There have been a large number of valuable analysis methods that may be used for characterizing π electrons, unfortunately in most cases analyzing π electronic structure is inconvenient and even impractical, especially for large or non-planar ones, because it is often quite difficult to quickly and properly select orbitals that specifically describe π electrons. Considering the fact that the localized molecular orbitals (LMOs) have a highly localized feature and identifying type of LMOs is usually much easier than that of MOs, we proposed an algorithm to automatically identify π LMOs; based on which, we designed a standard protocol of performing π electronic structure analysis and implemented it in our wavefunction analysis code Multiwfn. Several application instances fully demonstrated the robustness of the automatic π orbital identification method as well as the value of the analysis protocol. Our method and code make applying popular electronic structure analysis methods such as ELF, LOL, MCBO and Mayer bond order for π electrons of wide variety of chemical systems unprecedentedly convenient.

As a byproduct of the π LMOs identification process, we also proposed a scheme of quantitatively evaluating π character for arbitrary kind of orbitals. This quantity could be useful at many aspects in theoretical chemistry studies. For example, π component of natural transition orbitals [47] may be used for quantitatively estimating percentage π–π* and n–π characters in electronic transitions, while π component of MOs may be employed as a criterion for screening active orbitals involved in the complete active space self-consistent field (CASSCF) calculation [45].

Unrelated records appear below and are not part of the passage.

lemma right_upset_mono:
  assumes "left_dead_end G" "left_dead_end H" "misere_ge H G"
  shows "right_upset n H \<subseteq> right_upset n G"
proof
  fix x assume "x \<in> right_upset n H"
  then obtain h where x: "x \<in> dead_ends_below n" "h |\<in>| ropts H" "misere_ge x h"
    by (auto simp: right_upset_def)
  then obtain g where "g |\<in>| ropts G" "misere_ge h g"
    using assms by (auto simp: left_dead_end_misere_ge_iff right_options_ge_def)
  then show "x \<in> right_upset n G"
    using x misere_ge_trans by (auto simp: right_upset_def)
qed

lemma right_upset_subset_iff:
  assumes "Ln_times_repr n G" "Ln_times_repr n H"
  shows "right_upset n H \<subseteq> right_upset n G \<longleftrightarrow> misere_ge H G"
proof
  assume sub: "right_upset n H \<subseteq> right_upset n G"
  have "\<exists>g. g |\<in>| ropts G \<and> misere_ge h g" if "h |\<in>| ropts H" for h
    using sub ropt_mem_right_upset[OF assms(2) that] by (auto simp: right_upset_def)
  then have "right_options_ge H G"
    using assms by (simp add: right_options_ge_def Ln_times_repr_def)
  then show "misere_ge H G"
    using assms by (simp add: left_dead_end_misere_ge_iff Ln_times_repr_def)
next
  assume "misere_ge H G"
  then show "right_upset n H \<subseteq> right_upset n G"
    using assms right_upset_mono by (simp add: Ln_times_repr_def)
qed
(* Let $M$ be a nontrivial monoid in $\mathcal{C}$ and let $V=\mathbb{R}\otimes_\mathbb{Z}\mathrm{gp}(M)$. The following are equivalent: (a) $M$ is primary; (b) the only face submonoids of $M$ are $\{0\}$ and $M$; (c) $\mathsf{cone}_V(M)\setminus\{0\}$ is an open subset of $V$.
   Context: Convention: all monoids are commutative, cancellative, and reduced, written additively; $M^\bullet=M\setminus\{0\}$. $\mathcal{C}$ is the class of monoids isomorphic to a submonoid of a free commutative monoid of finite rank (equivalently, of $(\mathbb{N}^d,+)$). $M$ is regarded as a submonoid of $V$ via $M\hookrightarrow\mathrm{gp}(M)\hookrightarrow V$, and $V$ carries its Euclidean topology; $\mathsf{cone}_V(M)$ is the set of finite nonnegative linear combinations of elements of $M$. A face of a cone $C$ is a cone $F\subseteq C$ such that whenever $x,y\in C$ and $F$ meets the open segment between $x$ and $y$, then $x,y\in F$; a face submonoid is $M\cap F$ for a face $F$ of $\mathsf{cone}_V(M)$. $M$ is primary if $M$ is nontrivial and for all $x,y\in M^\bullet$ there is $n\in\mathbb{N}$ with $ny\in x+M$. *)

theory Defs
  imports "HOL-Analysis.Analysis"
begin

text \<open>A monoid in the class C, realised concretely as a submonoid of (N^d,+),
  embedded into R^d.  Here d = CARD('n).\<close>
definition submonoid_Nd :: "(real ^ 'n) set \<Rightarrow> bool" where
  "submonoid_Nd M \<longleftrightarrow> 0 \<in> M \<and> (\<forall>x\<in>M. \<forall>y\<in>M. x + y \<in> M)
     \<and> (\<forall>x\<in>M. \<forall>i. x $ i \<in> \<nat>)"

definition primary :: "(real ^ 'n) set \<Rightarrow> bool" where
  "primary M \<longleftrightarrow> M \<noteq> {0} \<and>
     (\<forall>x\<in>M - {0}. \<forall>y\<in>M - {0}. \<exists>n::nat. \<exists>m\<in>M. of_nat n *\<^sub>R y = x + m)"

definition mcone :: "(real ^ 'n) set \<Rightarrow> (real ^ 'n) set" where
  "mcone M = {\<Sum>x\<in>S. c x *\<^sub>R x | S c. finite S \<and> S \<subseteq> M \<and> (\<forall>x\<in>S. c x \<ge> 0)}"

definition face_of_cone :: "(real ^ 'n) set \<Rightarrow> (real ^ 'n) set \<Rightarrow> bool" where
  "face_of_cone F C \<longleftrightarrow> convex_cone F \<and> F \<subseteq> C \<and>
     (\<forall>x\<in>C. \<forall>y\<in>C. F \<inter> open_segment x y \<noteq> {} \<longrightarrow> x \<in> F \<and> y \<in> F)"

definition face_submonoid :: "(real ^ 'n) set \<Rightarrow> (real ^ 'n) set \<Rightarrow> bool" where
  "face_submonoid N M \<longleftrightarrow> (\<exists>F. face_of_cone F (mcone M) \<and> N = M \<inter> F)"

end

theory Submission
  imports Defs
begin
(* There does not exist a quantum auxiliary-input commitment scheme that is simultaneously statistically hiding and statistically sum-binding.
   Context: A (non-interactive) quantum auxiliary-input commitment scheme consists of QPT algorithms $C$, $R$ and a family $\{\ket{\psi_\lambda}\}_{\lambda}$ of $\mathrm{poly}(\lambda)$-qubit states (not necessarily efficiently generatable); one copy of $\ket{\psi_\lambda}$ is given to each of $C$ and $R$. Commit: $C$ on input $b\in\{0,1\}$ generates a state on registers $\mathbf{C},\mathbf{R}$ and sends $\mathbf{C}$. Reveal: $C$ sends $b$ and $\mathbf{R}$; $R$ outputs $b$ (accept) or $\bot$. Correctness: honest runs accept with probability 1. Statistical hiding: for every non-uniform unbounded-time algorithm $\{\mathcal{A}_\lambda,\rho_\lambda\}$ (with polynomial-size quantum advice $\rho_\lambda$), the advantage of distinguishing $\mathrm{Tr}_{\mathbf{R}}\sigma^{(0)}$ from $\mathrm{Tr}_{\mathbf{R}}\sigma^{(1)}$ is $\mathsf{negl}(\lambda)$, where $\sigma^{(b)}$ is the honest commit state for $b$. Statistical sum-binding: for any pair of non-uniform unbounded-time malicious committers $C_0^*,C_1^*$ taking $\ket{\psi_\lambda}$ as input and acting identically in the commit phase, with $p_b$ the probability that $R$ accepts revealed bit $b$ from $C_b^*$, $p_0+p_1\le1+\mathsf{negl}(\lambda)$. *)

theory Defs
  imports "Jordan_Normal_Form.Matrix" Complex_Main
begin

text \<open>A system of n qubits has Hilbert space C^(2^n).
  Composite systems use the Kronecker product with the first factor as most significant
  index (register order as written, e.g. C (x) R).\<close>

definition adj :: "complex mat \<Rightarrow> complex mat" where
  "adj A = mat (dim_col A) (dim_row A) (\<lambda>(i,j). cnj (A $$ (j,i)))"

definition tr :: "complex mat \<Rightarrow> complex" where
  "tr A = (\<Sum>i<dim_row A. A $$ (i,i))"

definition kron :: "complex mat \<Rightarrow> complex mat \<Rightarrow> complex mat" where
  "kron A B = mat (dim_row A * dim_row B) (dim_col A * dim_col B)
     (\<lambda>(i,j). A $$ (i div dim_row B, j div dim_col B) * B $$ (i mod dim_row B, j mod dim_col B))"

definition ptrace2 :: "nat \<Rightarrow> nat \<Rightarrow> complex mat \<Rightarrow> complex mat" where
  "ptrace2 dA dB A = mat dA dA (\<lambda>(i,j). \<Sum>k<dB. A $$ (i*dB + k, j*dB + k))"

definition psd :: "nat \<Rightarrow> complex mat \<Rightarrow> bool" where
  "psd n A \<longleftrightarrow> A \<in> carrier_mat n n \<and>
     (\<forall>v \<in> carrier_vec n. (\<Sum>i<n. \<Sum>j<n. cnj (v $ i) * A $$ (i,j) * v $ j) \<in> \<real> \<and>
                           0 \<le> Re (\<Sum>i<n. \<Sum>j<n. cnj (v $ i) * A $$ (i,j) * v $ j))"
(* Let $T_{ij,k\ell}\ge0$ satisfy $\sum_{i,j\ge0}T_{ij,k\ell}=1$ for all $k,\ell\in\mathbb N_0$, and let $\mathcal R(p)_i=\sum_{j,k,\ell\ge0}T_{ij,k\ell}\,p_kp_\ell$ on $\mathcal M_1^+$. Assume $\mathcal R$ has a nonempty, convex, weak-$*$ closed invariant set $M\subset\mathcal M_1^+$ (i.e. $\mathcal R(M)\subset M$) which is tight, i.e. for every $\varepsilon>0$ there is $m\in\mathbb N_0$ with $\sum_{k\ge m}p_k<\varepsilon$ for all $p\in M$. Then $\mathcal R$ has a fixed point in $M$.
   Context: $\mathcal M_1^+$ is the set of probability measures on $\mathbb N_0$, identified with nonnegative sequences summing to $1$. The weak-$*$ topology on $\mathcal M_1^+$ is that of pointwise (vague) convergence $p^{(n)}_k\to p_k$ for every $k$. *)

theory Defs
  imports "HOL-Analysis.Analysis"
begin

text \<open>Probability measures on the nonnegative integers, as nonnegative
sequences summing to 1. The weak-* topology is the pointwise (product)
topology on nat => real, restricted to this set.\<close>
definition M1plus :: "(nat \<Rightarrow> real) set" where
  "M1plus = {p. (\<forall>k. 0 \<le> p k) \<and> (p has_sum 1) UNIV}"

definition Rop :: "(nat \<Rightarrow> nat \<Rightarrow> nat \<Rightarrow> nat \<Rightarrow> real) \<Rightarrow> (nat \<Rightarrow> real) \<Rightarrow> nat \<Rightarrow> real" where
  "Rop T p i = (\<Sum>\<^sub>\<infinity>(j,k,l)\<in>UNIV. T i j k l * p k * p l)"

end

theory Submission
  imports Defs "HOL-Homology.Brouwer_Degree"
begin

text \<open>Each coordinate of R is, uniformly on the tight set M, the limit of the polynomials obtained
  by truncating the defining sum to k, l < m, since the neglected mass is at most twice the tail of p
  beyond m. So R is continuous on M for the product (weak-*) topology, and tightness together with
  weak-* closedness makes M compact. The fixed point then comes from the Schauder-Tychonoff theorem
  for compact convex sets in a countable power of the reals: Brouwer's theorem applied to a Schauder
  projection onto a finite net gives approximate fixed points on any finite set of coordinates, and
  compactness turns these into an exact fixed point. Brouwer's theorem itself follows from the
  non-contractibility of spheres.\<close>

section \<open>Brouwer's fixed point theorem for discs and simplices\<close>

lemma continuous_on_coordinate [continuous_intros]:
  "continuous_on A (\<lambda>x::'a \<Rightarrow> 'b::topological_space. x i)"
  by (rule continuous_on_subset[OF continuous_on_product_coordinates]) auto

lemma continuous_on_snd_coordinate [continuous_intros]:
  "continuous_on A (\<lambda>z::'c::topological_space \<times> ('a \<Rightarrow> 'b::topological_space). snd z i)"
  using continuous_on_compose[OF continuous_on_snd[OF continuous_on_id] continuous_on_coordinate, of A i]
  by (simp add: o_def)

lemma homotopic_with_canonI:
  assumes "continuous_on ({0..1::real} \<times> S) h" "h \<in> {0..1} \<times> S \<rightarrow> T"
    and "\<And>x. x \<in> S \<Longrightarrow> h (0, x) = f x" "\<And>x. x \<in> S \<Longrightarrow> h (1, x) = g x"
  shows "homotopic_with_canon (\<lambda>_. True) S T f g"
proof -
  have "homotopic_with_canon (\<lambda>_. True) S T (\<lambda>x. h (0, x)) (\<lambda>x. h (1, x))"
    unfolding homotopic_with_def using assms(1,2) by (intro exI[of _ h]) (auto simp: image_subset_iff_funcset)
  then show ?thesis
    by (rule homotopic_with_eq) (use assms in auto)
qed

text \<open>Discs and spheres live in nat \<Rightarrow> real, like nsphere of HOL-Homology, rather than in a
  euclidean_space type: the dimension needed below depends on the size of a net and is not fixed.\<close>

definition sqnorm :: "nat \<Rightarrow> (nat \<Rightarrow> real) \<Rightarrow> real" where
  "sqnorm n x = (\<Sum>i\<le>n. (x i)\<^sup>2)"

definition ndisc :: "nat \<Rightarrow> (nat \<Rightarrow> real) set" where
  "ndisc n = {x. sqnorm n x \<le> 1 \<and> (\<forall>i>n. x i = 0)}"

definition nsphere_set :: "nat \<Rightarrow> (nat \<Rightarrow> real) set" where
  "nsphere_set n = {x. sqnorm n x = 1 \<and> (\<forall>i>n. x i = 0)}"

definition unit_vector :: "nat \<Rightarrow> (nat \<Rightarrow> real) \<Rightarrow> nat \<Rightarrow> real" where
  "unit_vector n x = (\<lambda>i. x i / sqrt (sqnorm n x))"

lemma sqnorm_nonneg: "0 \<le> sqnorm n x"
  by (simp add: sqnorm_def sum_nonneg)

lemma sqnorm_eq_0D: "sqnorm n x = 0 \<Longrightarrow> i \<le> n \<Longrightarrow> x i = 0"
  by (simp add: sqnorm_def sum_nonneg_eq_0_iff)

lemma sqnorm_scale: "sqnorm n (\<lambda>i. c * x i) = c\<^sup>2 * sqnorm n x"
  by (simp add: sqnorm_def power_mult_distrib sum_distrib_left)

lemma nsphere_set_subset_ndisc: "nsphere_set n \<subseteq> ndisc n"
  by (auto simp: nsphere_set_def ndisc_def)

lemma not_contractible_nsphere_set: "\<not> contractible (nsphere_set n)"
proof -
  have "nsphere n = top_of_set (nsphere_set n)"
    by (simp add: nsphere euclidean_product_topology nsphere_set_def sqnorm_def)
  then show ?thesis
    using non_contractible_space_nsphere[of n] by simp
qed

lemma unit_vector_in_nsphere_set:
  assumes "sqnorm n x \<noteq> 0" "\<forall>i>n. x i = 0"
  shows "unit_vector n x \<in> nsphere_set n"
proof -
  have "sqnorm n (unit_vector n x) = sqnorm n x / (sqrt (sqnorm n x))\<^sup>2"
    by (simp add: sqnorm_def unit_vector_def power_divide sum_divide_distrib)
  then show ?thesis
    using assms sqnorm_nonneg[of n x] by (simp add: nsphere_set_def unit_vector_def)
qed

lemma continuous_on_unit_vector:
  fixes x :: "'a::topological_space \<Rightarrow> nat \<Rightarrow> real"
  assumes "\<And>i. continuous_on A (\<lambda>z. x z i)" "\<And>z. z \<in> A \<Longrightarrow> sqnorm n (x z) \<noteq> 0"
  shows "continuous_on A (\<lambda>z. unit_vector n (x z))"
  unfolding unit_vector_def sqnorm_def
  by (intro continuous_on_coordinatewise_then_product continuous_intros assms)
     (use assms(2) in \<open>auto simp: sqnorm_def\<close>)

lemma ndisc_contractible_to_zero:
  "homotopic_with_canon (\<lambda>_. True) (ndisc n) (ndisc n) id (\<lambda>_ _. 0)"
proof (rule homotopic_with_canonI[where h = "\<lambda>(t, x) i. (1 - t) * x i"])
  show "continuous_on ({0..1} \<times> ndisc n) (\<lambda>(t, x) i. (1 - t) * x i)"
    unfolding case_prod_unfold by (intro continuous_on_coordinatewise_then_product continuous_intros)
  have "(1 - t)\<^sup>2 * sqnorm n x \<le> 1" if "t \<in> {0..1}" "x \<in> ndisc n" for t :: real and x
    using that by (intro mult_le_one) (auto simp: ndisc_def power_le_one sqnorm_nonneg)
  then show "(\<lambda>(t, x) i. (1 - t) * x i) \<in> {0..1} \<times> ndisc n \<rightarrow> ndisc n"
    by (auto simp: ndisc_def sqnorm_scale)
qed (auto simp: ndisc_def)

lemma sqnorm_diff_scaled_eq_0D:
  assumes "x \<in> nsphere_set n" "y \<in> ndisc n" "t \<in> {0..1}" "sqnorm n (\<lambda>i. x i - t * y i) = 0"
  shows "x = y"
proof -
  have eq: "x i = t * y i" if "i \<le> n" for i
    using sqnorm_eq_0D[OF assms(4) that] by simp
  have "1 = sqnorm n (\<lambda>i. t * y i)"
    using assms(1) eq by (simp add: nsphere_set_def sqnorm_def)
  also have "\<dots> \<le> t\<^sup>2"
    using assms(2) by (auto simp: sqnorm_scale ndisc_def intro: mult_left_le)
  also have "\<dots> \<le> t"
    using assms(3) by (simp add: power2_eq_square mult_left_le_one_le)
  finally have "t = 1"
    using assms(3) by simp
  show "x = y"
  proof
    fix i show "x i = y i"
      using eq \<open>t = 1\<close> assms(1,2) by (cases "i \<le> n") (auto simp: nsphere_set_def ndisc_def)
  qed
qed

lemma homotopic_id_unit_vector_diff:
  assumes contf: "continuous_on (nsphere_set n) f" and f: "f \<in> nsphere_set n \<rightarrow> ndisc n"
    and nofix: "\<And>x. x \<in> nsphere_set n \<Longrightarrow> f x \<noteq> x"
  shows "homotopic_with_canon (\<lambda>_. True) (nsphere_set n) (nsphere_set n)
    id (\<lambda>x. unit_vector n (\<lambda>i. x i - f x i))"
proof (rule homotopic_with_canonI[where h = "\<lambda>(t, x). unit_vector n (\<lambda>i. x i - t * f x i)"])
  let ?S = "nsphere_set n"
  have nz: "sqnorm n (\<lambda>i. x i - t * f x i) \<noteq> 0" if "x \<in> ?S" "t \<in> {0..1}" for x t
  proof
    assume "sqnorm n (\<lambda>i. x i - t * f x i) = 0"
    moreover have "f x \<in> ndisc n"
      using f that(1) by blast
    ultimately show False
      using sqnorm_diff_scaled_eq_0D[OF that(1) _ that(2)] nofix[OF that(1)] by metis
  qed
  have "continuous_on ({0..1} \<times> ?S) (\<lambda>z. f (snd z) i)" for i
    using continuous_on_product_then_coordinatewise[OF contf]
    by (rule continuous_on_compose2[OF _ continuous_on_snd[OF continuous_on_id]]) auto
  then show "continuous_on ({0..1} \<times> ?S) (\<lambda>(t, x). unit_vector n (\<lambda>i. x i - t * f x i))"
    unfolding case_prod_unfold
    by (intro continuous_on_unit_vector continuous_intros) (use nz in force)+
  show "(\<lambda>(t, x). unit_vector n (\<lambda>i. x i - t * f x i)) \<in> {0..1} \<times> ?S \<rightarrow> ?S"
  proof clarify
    fix t :: real and x assume t: "t \<in> {0..1}" and x: "x \<in> ?S"
    then have "f x \<in> ndisc n"
      using f by blast
    then show "unit_vector n (\<lambda>i. x i - t * f x i) \<in> ?S"
      using nz[OF x t] x by (intro unit_vector_in_nsphere_set) (auto simp: nsphere_set_def ndisc_def)
  qed
qed (auto simp: unit_vector_def nsphere_set_def)
lemma powr_le_dyadic_interval:
  fixes \<rho> t q :: real
  assumes "0 < \<rho>" "\<rho> \<le> t" "t \<le> 2 * \<rho>"
  shows "t powr q \<le> 2 powr \<bar>q\<bar> * \<rho> powr q"
proof (cases "0 \<le> q")
  case True
  then have "t powr q \<le> (2 * \<rho>) powr q" using assms by (intro powr_mono2) auto
  then show ?thesis using True assms by (simp add: powr_mult)
next
  case False
  then have "t powr q \<le> \<rho> powr q" using assms by (intro powr_mono2') auto
  also have "\<dots> \<le> 2 powr \<bar>q\<bar> * \<rho> powr q"
    using ge_one_powr_ge_zero[of 2 "\<bar>q\<bar>"] by (simp add: mult_le_cancel_right1)
  finally show ?thesis .
qed

lemma nn_integral_annulus_norm_powr_le:
  fixes \<rho> q :: real
  assumes \<rho>: "0 < \<rho>"
  shows "(\<integral>\<^sup>+z. indicator {z::'a::euclidean_space. \<rho> \<le> norm z \<and> norm z \<le> 2 * \<rho>} z
             * ennreal (norm z powr q) \<partial>lborel)
     \<le> ennreal (2 powr \<bar>q\<bar> * 4 ^ DIM('a) * \<rho> powr (q + DIM('a)))"
proof -
  let ?C = "cbox (- ((2 * \<rho>) *\<^sub>R One)) ((2 * \<rho>) *\<^sub>R One) :: 'a set"
  have "(\<integral>\<^sup>+z. indicator {z::'a. \<rho> \<le> norm z \<and> norm z \<le> 2 * \<rho>} z * ennreal (norm z powr q) \<partial>lborel)
     \<le> (\<integral>\<^sup>+z. ennreal (2 powr \<bar>q\<bar> * \<rho> powr q) * indicator ?C z \<partial>lborel)"
  proof (intro nn_integral_mono)
    fix z :: 'a
    show "indicator {z. \<rho> \<le> norm z \<and> norm z \<le> 2 * \<rho>} z * ennreal (norm z powr q)
        \<le> ennreal (2 powr \<bar>q\<bar> * \<rho> powr q) * indicator ?C z"
    proof (cases "\<rho> \<le> norm z \<and> norm z \<le> 2 * \<rho>")
      case True
      then have "z \<in> ?C"
        using Basis_le_norm[of _ z] by (force simp: mem_box abs_le_iff intro: order_trans)
      with True powr_le_dyadic_interval[OF \<rho>, of "norm z" q] show ?thesis
        by (auto simp: indicator_def intro!: ennreal_leI)
    qed (auto simp: indicator_def)
  qed
  also have "\<dots> = ennreal (2 powr \<bar>q\<bar> * \<rho> powr q) * emeasure lborel ?C"
    by (rule nn_integral_cmult_indicator) auto
  also have "emeasure lborel ?C = ennreal ((4 * \<rho>) ^ DIM('a))"
    using \<rho> by (simp add: emeasure_lborel_cbox_eq inner_simps prod_constant)
  finally show ?thesis
    using \<rho> by (simp add: ennreal_mult'[symmetric] powr_add powr_realpow power_mult_distrib mult_ac)
qed

lemma integral_norm_powr_dyadic_le:
  fixes S :: "'a::euclidean_space set" and \<rho> :: "nat \<Rightarrow> real" and q c \<theta> :: real
  assumes [measurable]: "S \<in> sets borel"
    and \<rho>: "\<And>j. 0 < \<rho> j" and geometric: "\<And>j. \<rho> j powr (q + DIM('a)) = c * \<theta> ^ j"
    and \<theta>: "0 \<le> \<theta>" "\<theta> < 1"
    and cover: "\<And>z. z \<in> S \<Longrightarrow> z \<noteq> 0 \<Longrightarrow> \<exists>j. \<rho> j \<le> norm z \<and> norm z \<le> 2 * \<rho> j"
  shows "integrable lborel (\<lambda>z. indicator S z * norm z powr q)"
    and "(\<integral>z. indicator S z * norm z powr q \<partial>lborel) \<le> 2 powr \<bar>q\<bar> * 4 ^ DIM('a) * c / (1 - \<theta>)"
proof -
  define A where "A j = {z::'a. \<rho> j \<le> norm z \<and> norm z \<le> 2 * \<rho> j}" for j
  define f where "f z = indicator S z * norm z powr q" for z :: 'a
  define B where "B = 2 powr \<bar>q\<bar> * 4 ^ DIM('a) * c / (1 - \<theta>)"
  have c: "0 < c"
    using geometric[of 0] powr_gt_zero[of "\<rho> 0" "q + DIM('a)"] \<rho>[of 0] by simp
  have f_nonneg: "0 \<le> f z" for z by (simp add: f_def)
  have f_measurable[measurable]: "f \<in> borel_measurable borel" unfolding f_def by measurable
  have "(\<integral>\<^sup>+z. ennreal (f z) \<partial>lborel) \<le> (\<integral>\<^sup>+z. (\<Sum>j. indicator (A j) z * ennreal (norm z powr q)) \<partial>lborel)"
  proof (intro nn_integral_mono)
    fix z
    show "ennreal (f z) \<le> (\<Sum>j. indicator (A j) z * ennreal (norm z powr q))"
    proof (cases "z \<in> S \<and> z \<noteq> 0")
      case True
      then obtain j where "z \<in> A j" using cover by (auto simp: A_def)
      then have "ennreal (f z) = (\<Sum>i\<in>{j}. indicator (A i) z * ennreal (norm z powr q))"
        using True by (simp add: f_def)
      also have "\<dots> \<le> (\<Sum>j. indicator (A j) z * ennreal (norm z powr q))"
        by (intro sum_le_suminf) auto
      finally show ?thesis .
    qed (auto simp: f_def indicator_def)
  qed
  also have "\<dots> = (\<Sum>j. \<integral>\<^sup>+z. indicator (A j) z * ennreal (norm z powr q) \<partial>lborel)"
    by (intro nn_integral_suminf) (auto simp: A_def)
  also have "\<dots> \<le> (\<Sum>j. ennreal (2 powr \<bar>q\<bar> * 4 ^ DIM('a) * c * \<theta> ^ j))"
  proof (intro suminf_le allI)
    show "(\<integral>\<^sup>+z. indicator (A j) z * ennreal (norm z powr q) \<partial>lborel)
        \<le> ennreal (2 powr \<bar>q\<bar> * 4 ^ DIM('a) * c * \<theta> ^ j)" for j
      using nn_integral_annulus_norm_powr_le[OF \<rho>, of j q, where 'a='a]
      by (simp add: A_def geometric mult.assoc)
  qed auto
  also have "\<dots> = ennreal B"
    using \<theta> c by (subst suminf_ennreal2)
      (auto simp: B_def suminf_mult summable_geometric suminf_geometric intro!: summable_mult)
  finally have bound: "(\<integral>\<^sup>+z. ennreal (f z) \<partial>lborel) \<le> ennreal B" .
  then show "integrable lborel (\<lambda>z. indicator S z * norm z powr q)"
    unfolding f_def[symmetric] using f_nonneg
    by (intro integrableI_nonneg) (auto intro: le_less_trans)
  have "0 \<le> B" using \<theta> c by (simp add: B_def)
  from integral_real_bounded[OF this bound]
  show "(\<integral>z. indicator S z * norm z powr q \<partial>lborel) \<le> 2 powr \<bar>q\<bar> * 4 ^ DIM('a) * c / (1 - \<theta>)"
    by (simp add: f_def[abs_def] B_def)
qed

Considering the length of the article, operation steps of the π electron analyses in Multiwfn are not explicitly given in the text; however, the users can easily and quickly learn how to use the code to perform these analyses by following the detailed tutorials in the program manual [59]. It is worth to mention that although the default parameters of identifying π orbitals work well for all of our test systems, it is still possible that in rare cases one or more π LMOs cannot be properly recognized, in that case the users are encouraged to slightly adjust the parameters by corresponding options until the result meets expectation.